We have a a long running task which can take up to 8 days to complete. Most of our executions complete successfully but we run into an issue where all of our executions start failing. Upon investigating the logs, we see that we are receiving HTTP errors due to an expired token. The TTL for our auth tokens in our st2.conf is set to 10 days but we are seeing this issue for task running less than 4 days.
Mistral log snippet:
2018-10-08 12:32:40.571 497 WARNING st2mistral.utils.http [req-315de175-21ab-40c5-ba20-70d95798be0e - - - - -] [stackstorm] HTTP request returned connection error. Retrying...: ConnectionError: ('Connection aborted.', BadStatusLine("''",))
st2 log snippet:
/var/log/st2/st2api.log:72022064:2018-10-08 12:32:04,844 140599707325296 INFO logging [-] e2cf5d4b-a847-4413-8bf5-cb3e9fc3a95a - POST /v1/executions with query={} (remote_addr='127.0.0.1',method='POST',request_id='e2cf5d4b-a847-4413-8bf5-cb3e9fc3a95a',query={},path='/v1/executions')
/var/log/st2/st2api.log:72022065:2018-10-08 12:32:04,847 140599707325296 AUDIT auth [-] Token with id "5ba5c9482b79db008f58c297" has expired.
/var/log/st2/st2api.log:72022066:2018-10-08 12:32:04,848 140599707325296 ERROR router [-] Token has expired.
/var/log/st2/st2api.log:72022073:2018-10-08 12:32:04,849 140599707325296 INFO logging [-] e2cf5d4b-a847-4413-8bf5-cb3e9fc3a95a - 401 58 5.014ms (content_length=58,request_id='e2cf5d4b-a847-4413-8bf5-cb3e9fc3a95a',runtime=5.014,remote_addr='127.0.0.1',status=401,method='POST',path='/v1/executions')

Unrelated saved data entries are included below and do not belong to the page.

(* Let $n\ge 2$ be an integer that is not a perfect square, and let $a,b$ be positive integers with $a^2-nb^2=-1$. Put $u=a+b\sqrt n$, and let $H_j/K_j$ be the convergents of the simple continued fraction expansion of $u^2$, with $H_{-1}=1$. Then $$\mathcal L\left(\frac1{u^2}\right)=\sum_{k=0}^{\infty}\left[\mathcal L\left(\frac{1}{nb^2(2H_{2k-1})^2}\right)+\mathcal L\left(\frac{1}{(2H_{2k+1}-H_{2k})^2}\right)\right].$$
   Context: $\mathcal L$ is the Rogers dilogarithm: for real $z\le1$, $\mathcal L(z)=\mathrm{Li}_2(z)+\tfrac12\log|z|\log(1-z)$, where $\mathrm{Li}_2(z)=\sum_{m\ge1}z^m/m^2$. If $v=[c_0,c_1,c_2,\dots]$ is the simple continued fraction expansion of $v$ ($c_0=\lfloor v\rfloor$, $c_i\ge1$ integers), the convergent numerators are defined by $H_{-2}=0,H_{-1}=1$, $H_i=c_iH_{i-1}+H_{i-2}$ for $i\ge0$, and denominators by $K_{-2}=1,K_{-1}=0$, $K_i=c_iK_{i-1}+K_{i-2}$, so that $[c_0,\dots,c_i]=H_i/K_i$. *)

theory Defs
  imports Complex_Main
begin

definition Li2 :: "real \<Rightarrow> real" where
  "Li2 z = (\<Sum>m. z ^ (Suc m) / (real (Suc m))\<^sup>2)"

definition rogers_L :: "real \<Rightarrow> real" where
  "rogers_L z = Li2 z + 1/2 * ln \<bar>z\<bar> * ln (1 - z)"

primrec cf_rem :: "real \<Rightarrow> nat \<Rightarrow> real" where
  "cf_rem v 0 = v"
| "cf_rem v (Suc i) = 1 / (cf_rem v i - of_int \<lfloor>cf_rem v i\<rfloor>)"

definition cf_coeff :: "real \<Rightarrow> nat \<Rightarrow> int" where
  "cf_coeff v i = \<lfloor>cf_rem v i\<rfloor>"

text \<open>Shifted numerators: cf_num_sh v j = H_{j-2}; H_{-2}=0, H_{-1}=1,
  H_i = c_i H_{i-1} + H_{i-2}.\<close>
fun cf_num_sh :: "real \<Rightarrow> nat \<Rightarrow> int" where
  "cf_num_sh v 0 = 0"
| "cf_num_sh v (Suc 0) = 1"
| "cf_num_sh v (Suc (Suc i)) = cf_coeff v i * cf_num_sh v (Suc i) + cf_num_sh v i"
(* Let $A$ be a flat layout and $N$ a positive integer. There exists an $N$-complement of $A$ if and only if $A$ is $N$-complementable.
   Context: A flat layout $L=(s_1,\dots,s_m):(d_1,\dots,d_m)$ has positive integer shape entries and nonnegative integer stride entries; $\mathrm{size}(L)=\prod s_i$, $\mathrm{cosize}(L)=1+\sum(s_i-1)d_i$; layout function $\Phi_L(x)=\sum x_id_i$, $x_i=\lfloor x/(s_1\cdots s_{i-1})\rfloor\bmod s_i$, on $[0,\mathrm{size}(L))$. $L$ is compact if $\Phi_L:[0,\mathrm{size}(L))\to[0,\mathrm{cosize}(L))$ is bijective. $A\star B$ denotes concatenation of shapes and of strides. A flat layout $B$ is an $N$-complement of $A$ if $A\star B$ is compact and $\mathrm{size}(A)\cdot\mathrm{size}(B)=N$. $\mathrm{squeeze}$ removes modes with $s_i=1$; $\mathrm{sort}$ stably reorders modes into nondecreasing order for $s:d\preceq s':d'$ iff $d<d'$ or ($d=d'$, $s\le s'$). $A$ is $N$-complementable if, writing $\mathrm{sort}(\mathrm{squeeze}(A))=(s_1,\dots,s_m):(d_1,\dots,d_m)$, $s_id_i\mid d_{i+1}$ for all $1\le i<m$ and $s_md_m\mid N$. *)

theory Defs
  imports Main "HOL-Library.Product_Lexorder"
begin

text \<open>A flat layout (s_1,...,s_m):(d_1,...,d_m) is represented as the list of
  modes [(s_1,d_1),...,(s_m,d_m)] :: (nat \<times> nat) list (shape, stride).\<close>

type_synonym layout = "(nat \<times> nat) list"

definition flat_layout :: "layout \<Rightarrow> bool" where
  "flat_layout L \<longleftrightarrow> (\<forall>m\<in>set L. fst m > 0)"

definition shapes :: "layout \<Rightarrow> nat list" where
  "shapes L = map fst L"

definition strides :: "layout \<Rightarrow> nat list" where
  "strides L = map snd L"

definition lsize :: "layout \<Rightarrow> nat" where
  "lsize L = prod_list (shapes L)"

definition lcosize :: "layout \<Rightarrow> nat" where
  "lcosize L = 1 + (\<Sum>i<length L. (shapes L ! i - 1) * strides L ! i)"

definition coord :: "layout \<Rightarrow> nat \<Rightarrow> nat \<Rightarrow> nat" where
  "coord L x i = (x div prod_list (take i (shapes L))) mod (shapes L ! i)"

definition layout_fun :: "layout \<Rightarrow> nat \<Rightarrow> nat" where
  "layout_fun L x = (\<Sum>i<length L. coord L x i * strides L ! i)"

definition compact :: "layout \<Rightarrow> bool" where
  "compact L \<longleftrightarrow> bij_betw (layout_fun L) {0..<lsize L} {0..<lcosize L}"
(* Let $q:\mathsf D\to\mathbb R$ be a query with sensitivity $\Delta q\in(0,\infty)$, and let $\Lambda$ be a random variable with support in $(0,\infty)$ and $\mathbb E[\Lambda]<\infty$, with MGF $M_\Lambda(t)=\mathbb E[e^{t\Lambda}]$. Then the Randomized DP Laplace mechanism $\mathcal M_q$ with reciprocal scale $\Lambda$ is $\epsilon$-differentially private with $$\epsilon=\ln\left[\frac{\mathbb E(\Lambda)}{M_\Lambda'(-\Delta q)}\right],\qquad M'_\Lambda(-\Delta q)=\frac{d M_\Lambda(t)}{dt}\Big|_{t=-\Delta q}=\mathbb E\big[\Lambda e^{-\Delta q\,\Lambda}\big].$$
   Context: Databases form a set $\mathsf D$ with a symmetric adjacency relation $\mathrm{Adj}$. The sensitivity of $q:\mathsf D\to\mathbb R$ is $\Delta q=\sup\{|q(d)-q(d')|:\mathrm{Adj}(d,d')\}$. A randomized mechanism $M$ is $\epsilon$-differentially private if $\mathbb P(M(d)\in S)\le e^{\epsilon}\mathbb P(M(d')\in S)$ for all adjacent $d,d'$ and all Borel sets $S$. The Randomized DP Laplace mechanism with reciprocal-scale distribution $\Lambda$ (a random variable with values in $(0,\infty)$, playing the role of $1/b$ for the Laplace scale $b$) is defined by $\mathcal M_q(d)=q(d)+W$, where conditionally on $\Lambda=\lambda$ the noise $W$ is Laplace with mean $0$ and scale $1/\lambda$, i.e. has density $\frac{\lambda}{2}e^{-\lambda|w|}$; the pair $(\Lambda,W)$ is drawn independently of $d$. *)

theory Defs
  imports "HOL-Probability.Probability"
begin

text \<open>Sensitivity of a query w.r.t. an adjacency relation, valued in the extended reals
  (the supremum of the empty set is 0 here, and it is \<infinity> for unbounded differences).\<close>
definition sensitivity :: "('d \<Rightarrow> 'd \<Rightarrow> bool) \<Rightarrow> ('d \<Rightarrow> real) \<Rightarrow> ereal" where
  "sensitivity Adj q = (SUP p \<in> {(d, d'). Adj d d'}. ereal \<bar>q (fst p) - q (snd p)\<bar>)"

definition laplace_density :: "real \<Rightarrow> real \<Rightarrow> real \<Rightarrow> real" where
  "laplace_density lam mu x = lam / 2 * exp (- lam * \<bar>x - mu\<bar>)"

text \<open>Randomized DP Laplace mechanism: L is the distribution of the reciprocal scale Lambda;
  the output distribution on database d is the mixture over Lambda of Laplace(q d, 1/Lambda).\<close>
definition rand_laplace_mech :: "real measure \<Rightarrow> ('d \<Rightarrow> real) \<Rightarrow> 'd \<Rightarrow> real measure" where
  "rand_laplace_mech L q d =
     L \<bind> (\<lambda>lam. density lborel (\<lambda>x. ennreal (laplace_density lam (q d) x)))"

definition differentially_private ::
    "('d \<Rightarrow> 'd \<Rightarrow> bool) \<Rightarrow> ('d \<Rightarrow> real measure) \<Rightarrow> real \<Rightarrow> bool" where
  "differentially_private Adj M \<epsilon> \<longleftrightarrow>
     (\<forall>d d'. Adj d d' \<longrightarrow>
        (\<forall>S \<in> sets borel. measure (M d) S \<le> exp \<epsilon> * measure (M d') S))"

definition mgf :: "real measure \<Rightarrow> real \<Rightarrow> real" where
  "mgf L t = (\<integral>l. exp (t * l) \<partial>L)"

end

theory Submission
  imports Defs
begin
(* Let $c\in\mathbb{R}$ with $0<c<1$ and let $s\in\mathbb{C}$, $s\neq0$. Then $$\eta(s+1)=-\frac{\pi}{2s}\int_{-\infty}^{\infty}\frac{(c+it)^{-s}\cos\big(\pi(c+it)\big)}{\sin^2\big(\pi(c+it)\big)}\,dt .$$
   Context: $\eta(s)=(1-2^{1-s})\zeta(s)$ is Dirichlet's eta function, which equals $\sum_{k\ge1}(-1)^{k+1}k^{-s}$ for $\operatorname{Re}s>0$ and is entire. Powers $(c+it)^{-s}$ use the principal branch. *)

theory Defs
  imports "HOL-Analysis.Analysis"
begin

definition dirichlet_eta :: "complex \<Rightarrow> complex" where
  "dirichlet_eta = (THE f. f holomorphic_on UNIV \<and>
      (\<forall>z. 0 < Re z \<longrightarrow>
         (\<lambda>k::nat. (-1) ^ k / (of_nat (Suc k)) powr z) sums f z))"

end

theory Submission
  imports Defs "HOL-Complex_Analysis.Complex_Analysis"
begin
lemma cmat_poly_in_add:
  "cmat_poly_in V A \<Longrightarrow> cmat_poly_in V B \<Longrightarrow> cmat_poly_in V (\<lambda>x. A x + B x)"
  by (simp add: cmat_poly_in_def complex_poly_in_add)

lemma cmat_poly_in_diff:
  "cmat_poly_in V A \<Longrightarrow> cmat_poly_in V B \<Longrightarrow> cmat_poly_in V (\<lambda>x. A x - B x)"
  by (simp add: cmat_poly_in_def complex_poly_in_diff)

lemma cmat_poly_in_mult:
  "cmat_poly_in V A \<Longrightarrow> cmat_poly_in V B \<Longrightarrow> cmat_poly_in V (\<lambda>x. A x ** B x)"
  unfolding cmat_poly_in_def matrix_matrix_mult_def
  by (auto intro!: complex_poly_in_sum complex_poly_in_mult)

lemma cmat_poly_in_madj: "cmat_poly_in V A \<Longrightarrow> cmat_poly_in V (\<lambda>x. madj (A x))"
  unfolding cmat_poly_in_def madj_def by (auto intro!: complex_poly_in_cnj)

lemma cmat_poly_in_cscale:
  "complex_poly_in V c \<Longrightarrow> cmat_poly_in V A \<Longrightarrow> cmat_poly_in V (\<lambda>x. cscale (c x) (A x))"
  unfolding cmat_poly_in_def cscale_def by (auto intro!: complex_poly_in_mult)

lemma cmat_poly_in_scaleR:
  "poly_in V r \<Longrightarrow> cmat_poly_in V A \<Longrightarrow> cmat_poly_in V (\<lambda>x. r x *\<^sub>R A x)"
  unfolding cmat_poly_in_def complex_poly_in_def by (auto intro!: poly_in.mult)

lemma cmat_poly_in_sum:
  "(\<And>i. i \<in> A \<Longrightarrow> cmat_poly_in V (f i)) \<Longrightarrow> cmat_poly_in V (\<lambda>x. \<Sum>i\<in>A. f i x)"
  unfolding cmat_poly_in_def by (auto simp: sum_component intro!: complex_poly_in_sum)

lemma complex_poly_in_mtr: "cmat_poly_in V A \<Longrightarrow> complex_poly_in V (\<lambda>x. mtr (A x))"
  unfolding cmat_poly_in_def mtr_def by (auto intro!: complex_poly_in_sum)

lemmas cmat_poly_in_intros =
  cmat_poly_in_const cmat_poly_in_add cmat_poly_in_diff cmat_poly_in_mult cmat_poly_in_madj
  cmat_poly_in_cscale cmat_poly_in_scaleR cmat_poly_in_sum complex_poly_in_mtr complex_poly_in_const

lemma complex_poly_in_jrate:
  "cmat_poly_in V R \<Longrightarrow> complex_poly_in V (\<lambda>x. jrate s (R x))"
  unfolding jrate_def by (intro cmat_poly_in_intros)

lemma cmat_poly_in_Gdiff: "cmat_poly_in V R \<Longrightarrow> cmat_poly_in V (\<lambda>x. Gdiff s (R x))"
  unfolding Gdiff_def by (intro cmat_poly_in_intros)

lemma cmat_poly_in_Ltil:
  assumes "cmat_poly_in V R" and "\<And>k. poly_in V (\<lambda>x. U x $ k)"
  shows "cmat_poly_in V (\<lambda>x. Ltil H0 Hk \<sigma> L PC (U x) (R x))"
  unfolding Ltil_def Lind_def Ljump_def Ham_def mcomm_def macomm_def jrate_def
  by (intro cmat_poly_in_intros assms poly_in.const)

lemma poly_in_vars_t_rho_compose:
  assumes "poly_in vars_t_rho w" and "poly_in V T" and "cmat_poly_in V R"
  shows "poly_in V (\<lambda>x. w (T x, R x))"
  using assms(2,3)
  by (intro poly_in_compose[OF assms(1), of V "\<lambda>x. (T x, R x)", simplified])
    (auto simp: vars_t_rho_def cmat_poly_in_def complex_poly_in_def)

lemma poly_in_affine_poly:
  assumes "affine_poly f" and "cmat_poly_in V R"
  shows "poly_in V (\<lambda>x. f (R x))"
proof -
  obtain c a b where "\<And>\<rho>. f \<rho> = c + (\<Sum>i\<in>UNIV. \<Sum>j\<in>UNIV. a i j * Re (\<rho>$i$j) + b i j * Im (\<rho>$i$j))"
    using assms(1) unfolding affine_poly_def by blast
  then show ?thesis
    using assms(2) unfolding cmat_poly_in_def complex_poly_in_def
    by (auto intro!: poly_in.add poly_in.mult poly_in.const poly_in_sum)
qed

lemma cmat_poly_in_affine_mat_poly:
  assumes "affine_mat_poly F" and "cmat_poly_in V R"
  shows "cmat_poly_in V (\<lambda>x. F (R x))"
proof -
  have "poly_in V (\<lambda>x. Re (F (R x) $ i $ j))" and "poly_in V (\<lambda>x. Im (F (R x) $ i $ j))" for i j
    using poly_in_affine_poly[of "\<lambda>\<rho>. Re (F \<rho> $ i $ j)" V R]
      poly_in_affine_poly[of "\<lambda>\<rho>. Im (F \<rho> $ i $ j)" V R] assms
    by (simp_all add: affine_mat_poly_def)
  then show ?thesis by (simp add: cmat_poly_in_def complex_poly_in_def)
qed

definition adjoin_var :: "('a \<Rightarrow> real) set \<Rightarrow> ('a \<times> real \<Rightarrow> real) set" where
  "adjoin_var V = {\<lambda>p. v (fst p) | v. v \<in> V} \<union> {snd}"

lemma poly_in_adjoin_var_fst: "poly_in V f \<Longrightarrow> poly_in (adjoin_var V) (\<lambda>p. f (fst p))"
  by (erule poly_in_compose) (auto simp: adjoin_var_def intro: poly_in.var)

lemma poly_in_adjoin_var_snd: "poly_in (adjoin_var V) snd"
  by (rule poly_in.var) (simp add: adjoin_var_def)

lemma cmat_poly_in_adjoin_var_fst:
  "cmat_poly_in V M \<Longrightarrow> cmat_poly_in (adjoin_var V) (\<lambda>p. M (fst p))"
  unfolding cmat_poly_in_def complex_poly_in_def by (auto intro: poly_in_adjoin_var_fst)

lemma poly_in_adjoin_var_eval:
  assumes "poly_in (adjoin_var V) g" and "poly_in V e"
  shows "poly_in V (\<lambda>x. g (x, e x))"
  using assms(2)
  by (intro poly_in_compose[OF assms(1), of V "\<lambda>x. (x, e x)", simplified])
    (auto simp: adjoin_var_def intro: poly_in.var)

lemma poly_in_adjoin_var_has_derivative:
  assumes "poly_in (adjoin_var V) g"
  shows "\<exists>g'. poly_in (adjoin_var V) g' \<and>
    (\<forall>x s. ((\<lambda>s. g (x, s)) has_real_derivative g' (x, s)) (at s))"
  using assms
proof induction
  case (const c)
  show ?case by (intro exI[of _ "\<lambda>_. 0"]) (auto intro: poly_in.const)
next
  case (var v)
  then consider u where "v = (\<lambda>p. u (fst p))" | "v = snd"
    by (auto simp: adjoin_var_def)
  then show ?case
  proof cases
    case 1
    then show ?thesis by (intro exI[of _ "\<lambda>_. 0"]) (auto intro: poly_in.const)
  next
    case 2
    then show ?thesis by (intro exI[of _ "\<lambda>_. 1"]) (auto intro: poly_in.const)
  qed
next
  case (add f g)
  then obtain f' g' where "poly_in (adjoin_var V) f'" "poly_in (adjoin_var V) g'"
    "\<forall>x s. ((\<lambda>s. f (x, s)) has_real_derivative f' (x, s)) (at s)"
    "\<forall>x s. ((\<lambda>s. g (x, s)) has_real_derivative g' (x, s)) (at s)"
    by blast
  then show ?case
    by (intro exI[of _ "\<lambda>p. f' p + g' p"]) (auto intro: poly_in.add derivative_intros)
next
  case (mult f g)
  then obtain f' g' where "poly_in (adjoin_var V) f'" "poly_in (adjoin_var V) g'"
    "\<forall>x s. ((\<lambda>s. f (x, s)) has_real_derivative f' (x, s)) (at s)"
    "\<forall>x s. ((\<lambda>s. g (x, s)) has_real_derivative g' (x, s)) (at s)"
    by blast
  with mult.hyps show ?case
    by (intro exI[of _ "\<lambda>p. f' p * g p + g' p * f p"])
      (auto intro!: poly_in.add poly_in.mult DERIV_mult)
qed

lemma poly_in_adjoin_var_deriv:
  assumes "poly_in (adjoin_var V) g"
  shows "poly_in (adjoin_var V) (\<lambda>p. deriv (\<lambda>s. g (fst p, s)) (snd p))"
proof -
  obtain g' where "poly_in (adjoin_var V) g'"
    and "\<And>x s. ((\<lambda>s. g (x, s)) has_real_derivative g' (x, s)) (at s)"
    using poly_in_adjoin_var_has_derivative[OF assms] by blast
  moreover from this(2) have "(\<lambda>p. deriv (\<lambda>s. g (fst p, s)) (snd p)) = g'"
    by (intro ext) (metis prod.collapse DERIV_imp_deriv)
  ultimately show ?thesis by simp
qed

lemma poly_in_time_deriv:
  assumes "poly_in vars_t_rho w" and "poly_in V T" and "cmat_poly_in V R"
  shows "poly_in V (\<lambda>x. deriv (\<lambda>s. w (s, R x)) (T x))"
proof -
  have "poly_in (adjoin_var V) (\<lambda>p. w (snd p, R (fst p)))"
    by (intro poly_in_vars_t_rho_compose[OF assms(1)] poly_in_adjoin_var_snd
        cmat_poly_in_adjoin_var_fst assms(3))
  from poly_in_adjoin_var_eval[OF poly_in_adjoin_var_deriv[OF this] assms(2)]
  show ?thesis by simp
qed

lemma poly_in_line_deriv:
  assumes "poly_in vars_t_rho w" and "poly_in V T" and "cmat_poly_in V R" and "cmat_poly_in V X"
  shows "poly_in V (\<lambda>x. deriv (\<lambda>s. w (T x, R x + s *\<^sub>R X x)) 0)"
    and "poly_in V (\<lambda>x. deriv (deriv (\<lambda>s. w (T x, R x + s *\<^sub>R X x))) 0)"
proof -
  have "poly_in (adjoin_var V) (\<lambda>p. w (T (fst p), R (fst p) + snd p *\<^sub>R X (fst p)))"
    by (intro poly_in_vars_t_rho_compose[OF assms(1)] poly_in_adjoin_var_fst
        cmat_poly_in_add cmat_poly_in_scaleR cmat_poly_in_adjoin_var_fst
        poly_in_adjoin_var_snd assms(2-4))
  then have D1: "poly_in (adjoin_var V)
      (\<lambda>p. deriv (\<lambda>s. w (T (fst p), R (fst p) + s *\<^sub>R X (fst p))) (snd p))"
    using poly_in_adjoin_var_deriv by fastforce
  from poly_in_adjoin_var_eval[OF D1 poly_in.const]
  show "poly_in V (\<lambda>x. deriv (\<lambda>s. w (T x, R x + s *\<^sub>R X x)) 0)" by simp
  from poly_in_adjoin_var_eval[OF poly_in_adjoin_var_deriv[OF D1] poly_in.const]
  show "poly_in V (\<lambda>x. deriv (deriv (\<lambda>s. w (T x, R x + s *\<^sub>R X x))) 0)" by simp
qed

lemma poly_in_jump_term:
  assumes "poly_in vars_t_rho w" and "affine_mat_poly F" and "poly_in V T" and "cmat_poly_in V R"
  shows "poly_in V (\<lambda>x. Re (jrate s (R x)) * (w (T x, F (R x)) - w (T x, R x)))"
  using complex_poly_in_jrate[OF assms(4)] cmat_poly_in_affine_mat_poly[OF assms(2,4)]
  by (auto simp: complex_poly_in_def
      intro!: poly_in.mult poly_in_diff poly_in_vars_t_rho_compose[OF assms(1,3)] assms(4))
text \<open>Here \<open>v\<close> may lie in \<open>H\<^sub>y\<close> for any \<open>y\<close>, which is what the proof of (1) needs.\<close>
lemma stabilizer_fixed_vanishes:
  assumes "n \<ge> 2" "x \<in> {0..<1}" "v \<in> Hsp n y"
    and fixed: "\<And>g. g \<in> Vn n \<Longrightarrow> g x = x \<Longrightarrow> rho n g v = v"
    and "z \<noteq> x"
  shows "v z = 0"
proof (cases "z \<in> orb n y")
  case False then show ?thesis using Hsp_vanishes[OF assms(3)] by blast
next
  case True
  have n: "n > 0" using assms(1) by simp
  have z: "z \<in> {0..<1}" using True orb_subset_unit by blast
  define B where "B = {g z |g. g \<in> Vn n \<and> g x = x}"
  have "infinite B" unfolding B_def using infinite_stabilizer_orbit[OF assms(1,2) z] assms(5) by auto
  moreover have "B \<subseteq> orb n y" unfolding B_def using Vn_mem_orb_iff[OF n _ z] True by blast
  moreover have "\<And>b. b \<in> B \<Longrightarrow> v b = v z"
    unfolding B_def using rho_fixed_imp_invariant[OF n _ _ assms(3) z] fixed by blast
  ultimately show ?thesis
    using summable_on_constant_on_infinite_imp_zero[OF Hsp_summable[OF assms(3)]] by blast
qed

/var/log/st2/st2api.log:72022074:2018-10-08 12:32:09,596 140599707315728 INFO logging [-] 030974bc-5181-491b-b8ca-8bef57aea37d - POST /v1/executions with query={} (remote_addr='127.0.0.1',method='POST',request_id='030974bc-5181-491b-b8ca-8bef57aea37d',query={},path='/v1/executions')
/var/log/st2/st2api.log:72022075:2018-10-08 12:32:09,599 140599707315728 AUDIT auth [-] Token with id "5ba4e4492b79db009206d556" has expired.
/var/log/st2/st2api.log:72022076:2018-10-08 12:32:09,599 140599707315728 ERROR router [-] Token has expired.
/var/log/st2/st2api.log:72022083:2018-10-08 12:32:09,600 140599707315728 INFO logging [-] 030974bc-5181-491b-b8ca-8bef57aea37d - 401 58 4.493ms (content_length=58,request_id='030974bc-5181-491b-b8ca-8bef57aea37d',runtime=4.493,remote_addr='127.0.0.1',status=401,method='POST',path='/v1/executions')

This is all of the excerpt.